*What to produce*
Among the entries below, find the lines that hold the word "alpha" and report them.

Records supplied START

(* Let $\Omega\subset\mathbb{R}^n$ be a nonempty closed convex set and $f:\mathbb{R}^n\to\mathbb{R}$ differentiable over $\Omega$ such that (i) $f(\bm{x})\ge\underline{f}$ for all $\bm{x}\in\Omega$, (ii) $\|\nabla f(\bm{x})-\nabla f(\bm{y})\|_2\le L\|\bm{x}-\bm{y}\|_2$ for all $\bm{x},\bm{y}\in\Omega$ for some $L>0$, and (iii) the relaxation sequence $\{\omega_k\}\subset[0,\infty)$ satisfies $\sum_{k=0}^\infty\omega_k<\infty$. Suppose $\{\bm{x}_k\}$ is generated by either IGPM without line search or IGPM with line search (described in the context). Then \[\lim_{k\to\infty}E(\bm{x}_k;\beta)=0,\qquad\text{where } E(\bm{x};\beta):=\|\bm{x}-\mathcal{P}_\Omega(\bm{x}-\beta\nabla f(\bm{x}))\|_2^2 .\]
   Context: $\mathcal{P}_\Omega$ is Euclidean projection onto $\Omega$. For $\bm{x}_k\in\Omega$ write $\bm{g}_k=\nabla f(\bm{x}_k)$, $\bm{v}_k=\bm{x}_k-\beta\bm{g}_k$ for a fixed $\beta>0$, and define $p(\bm{z};\bm{x}_k)=\tfrac12\|\bm{z}-\bm{v}_k\|_2^2+\delta_\Omega(\bm{z})$ ($\delta_\Omega$ the $0/+\infty$ indicator of $\Omega$), $\Delta p(\bm{z};\bm{x}_k)=p(\bm{x}_k;\bm{x}_k)-p(\bm{z};\bm{x}_k)$, and $q(\bm{u};\bm{x}_k)=-\tfrac12\|\bm{u}-\bm{v}_k\|_2^2-\delta_\Omega^*(\bm{u})+\tfrac12\|\bm{v}_k\|_2^2$ with $\delta^*_\Omega(\bm{u})=\sup_{\bm{x}\in\Omega}\langle\bm{x},\bm{u}\rangle$. An inexact projection at iteration $k$ is a point $\bm{z}_k\in\Omega$ with $\Delta p(\bm{z}_k;\bm{x}_k)\ge0$ together with some dual point $\bm{u}_k$ such that $\frac{p(\bm{x}_k;\bm{x}_k)-p(\bm{z}_k;\bm{x}_k)+\omega_k}{p(\bm{x}_k;\bm{x}_k)-q(\bm{u}_k;\bm{x}_k)+\omega_k}\ge\gamma$, where $0<\gamma<1$. IGPM without line search: $0<\beta\le1/L$, $\bm{x}_0\in\Omega$, and $\bm{x}_{k+1}=\bm{z}_k$ for all $k$. IGPM with line search: fix $0<\eta<1$, $0<\alpha\le1$, $\beta>0$, $0<\theta<1$, $\bm{x}_0\in\Omega$; set $\bm{d}_k=\bm{z}_k-\bm{x}_k$, let $\alpha_k$ be the largest value in $\{\theta^i\alpha: i=0,1,2,\dots\}$ with $f(\bm{x}_k+\alpha_k\bm{d}_k)\le f(\bm{x}_k)+\eta\alpha_k\bm{g}_k^T\bm{d}_k$, and set $\bm{x}_{k+1}=\bm{x}_k+\alpha_k\bm{d}_k$. The algorithms are considered as generating infinite sequences. *)

theory Defs
  imports "HOL-Analysis.Analysis"
begin

definition proj :: "'a::euclidean_space set \<Rightarrow> 'a \<Rightarrow> 'a" where
  "proj \<Omega> y = closest_point \<Omega> y"

definition support_fn :: "'a::euclidean_space set \<Rightarrow> 'a \<Rightarrow> ereal" where
  "support_fn \<Omega> u = (SUP x\<in>\<Omega>. ereal (inner x u))"

definition pobj :: "'a::euclidean_space set \<Rightarrow> 'a \<Rightarrow> 'a \<Rightarrow> ereal" where
  "pobj \<Omega> v z = (if z \<in> \<Omega> then ereal (1/2 * (norm (z - v))\<^sup>2) else \<infinity>)"

definition qobj :: "'a::euclidean_space set \<Rightarrow> 'a \<Rightarrow> 'a \<Rightarrow> ereal" where
  "qobj \<Omega> v u = ereal (- 1/2 * (norm (u - v))\<^sup>2 + 1/2 * (norm v)\<^sup>2) - support_fn \<Omega> u"

text \<open>Inexact projection criterion at x with v = x - beta g, tolerance omega, parameter gamma:
  z in Omega, Delta p(z) >= 0, and the ratio condition, written cross-multiplied.\<close>
definition inexact_proj ::
  "'a::euclidean_space set \<Rightarrow> real \<Rightarrow> real \<Rightarrow> 'a \<Rightarrow> 'a \<Rightarrow> real \<Rightarrow> 'a \<Rightarrow> 'a \<Rightarrow> bool" where
  "inexact_proj \<Omega> \<beta> \<gamma> x g \<omega> z u \<longleftrightarrow>
     (let v = x - \<beta> *\<^sub>R g in
       z \<in> \<Omega> \<and> pobj \<Omega> v x - pobj \<Omega> v z \<ge> 0 \<and>
       pobj \<Omega> v x - pobj \<Omega> v z + ereal \<omega>
         \<ge> ereal \<gamma> * (pobj \<Omega> v x - qobj \<Omega> v u + ereal \<omega>))"

definition Emeas :: "'a::euclidean_space set \<Rightarrow> ('a \<Rightarrow> 'a) \<Rightarrow> real \<Rightarrow> 'a \<Rightarrow> real" where
  "Emeas \<Omega> grad \<beta> x = (norm (x - proj \<Omega> (x - \<beta> *\<^sub>R grad x)))\<^sup>2"

end

theory Submission
  imports Defs
begin

(* By weak duality, q(u_k) is at most the value of p at the exact projection P(v_k), and the
   variational inequality of the projection gives p(x_k) - p(P(v_k)) >= |x_k - P(v_k)|^2 / 2;
   so the inexactness criterion yields gamma E(x_k) / 2 <= Delta p(z_k; x_k) + omega_k.
   By the descent lemma for the L-Lipschitz gradient, every iteration decreases f by a fixed
   multiple of Delta p(z_k; x_k): for the full step because beta <= 1/L, for the line search
   because backtracking keeps the accepted step above min(alpha, theta (1 - eta) / (beta L)).
   As f is bounded below, the Delta p(z_k; x_k) are summable, so they, the omega_k and hence
   E(x_k) tend to 0. *)

lemma segment_in_convex:
  assumes "convex S" "y \<in> S" "w \<in> S" "0 \<le> t" "t \<le> 1"
  shows "y + t *\<^sub>R (w - y) \<in> S"
  using convexD_alt[OF assms] by (simp add: algebra_simps)

lemma summable_if_telescoping_decrease:
  fixes F D :: "nat \<Rightarrow> real"
  assumes "0 < c" and decrease: "\<And>k. F (Suc k) \<le> F k - c * D k"
    and "\<And>k. 0 \<le> D k" and lower: "\<And>k. b \<le> F k"
  shows "summable D"
proof (rule summableI_nonneg_bounded)
  fix n
  have "c * (\<Sum>k<n. D k) \<le> F 0 - F n"
  proof (induction n)
    case (Suc n)
    then show ?case using decrease[of n] by (simp add: algebra_simps)
  qed simp
  then show "(\<Sum>k<n. D k) \<le> (F 0 - b) / c"
    using lower[of n] \<open>0 < c\<close> by (simp add: field_simps)
qed (fact \<open>\<And>k. 0 \<le> D k\<close>)

definition proj_decrease :: "real \<Rightarrow> 'a::real_inner \<Rightarrow> 'a \<Rightarrow> 'a \<Rightarrow> real" where
  "proj_decrease \<beta> x g z =
     (let v = x - \<beta> *\<^sub>R g in 1/2 * (norm (x - v))\<^sup>2 - 1/2 * (norm (z - v))\<^sup>2)"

Records supplied END

*Task solution*
   Context: $\mathcal{P}_\Omega$ is Euclidean projection onto $\Omega$. For $\bm{x}_k\in\Omega$ write $\bm{g}_k=\nabla f(\bm{x}_k)$, $\bm{v}_k=\bm{x}_k-\beta\bm{g}_k$ for a fixed $\beta>0$, and define $p(\bm{z};\bm{x}_k)=\tfrac12\|\bm{z}-\bm{v}_k\|_2^2+\delta_\Omega(\bm{z})$ ($\delta_\Omega$ the $0/+\infty$ indicator of $\Omega$), $\Delta p(\bm{z};\bm{x}_k)=p(\bm{x}_k;\bm{x}_k)-p(\bm{z};\bm{x}_k)$, and $q(\bm{u};\bm{x}_k)=-\tfrac12\|\bm{u}-\bm{v}_k\|_2^2-\delta_\Omega^*(\bm{u})+\tfrac12\|\bm{v}_k\|_2^2$ with $\delta^*_\Omega(\bm{u})=\sup_{\bm{x}\in\Omega}\langle\bm{x},\bm{u}\rangle$. An inexact projection at iteration $k$ is a point $\bm{z}_k\in\Omega$ with $\Delta p(\bm{z}_k;\bm{x}_k)\ge0$ together with some dual point $\bm{u}_k$ such that $\frac{p(\bm{x}_k;\bm{x}_k)-p(\bm{z}_k;\bm{x}_k)+\omega_k}{p(\bm{x}_k;\bm{x}_k)-q(\bm{u}_k;\bm{x}_k)+\omega_k}\ge\gamma$, where $0<\gamma<1$. IGPM without line search: $0<\beta\le1/L$, $\bm{x}_0\in\Omega$, and $\bm{x}_{k+1}=\bm{z}_k$ for all $k$. IGPM with line search: fix $0<\eta<1$, $0<\alpha\le1$, $\beta>0$, $0<\theta<1$, $\bm{x}_0\in\Omega$; set $\bm{d}_k=\bm{z}_k-\bm{x}_k$, let $\alpha_k$ be the largest value in $\{\theta^i\alpha: i=0,1,2,\dots\}$ with $f(\bm{x}_k+\alpha_k\bm{d}_k)\le f(\bm{x}_k)+\eta\alpha_k\bm{g}_k^T\bm{d}_k$, and set $\bm{x}_{k+1}=\bm{x}_k+\alpha_k\bm{d}_k$. The algorithms are considered as generating infinite sequences. *)
   because backtracking keeps the accepted step above min(alpha, theta (1 - eta) / (beta L)).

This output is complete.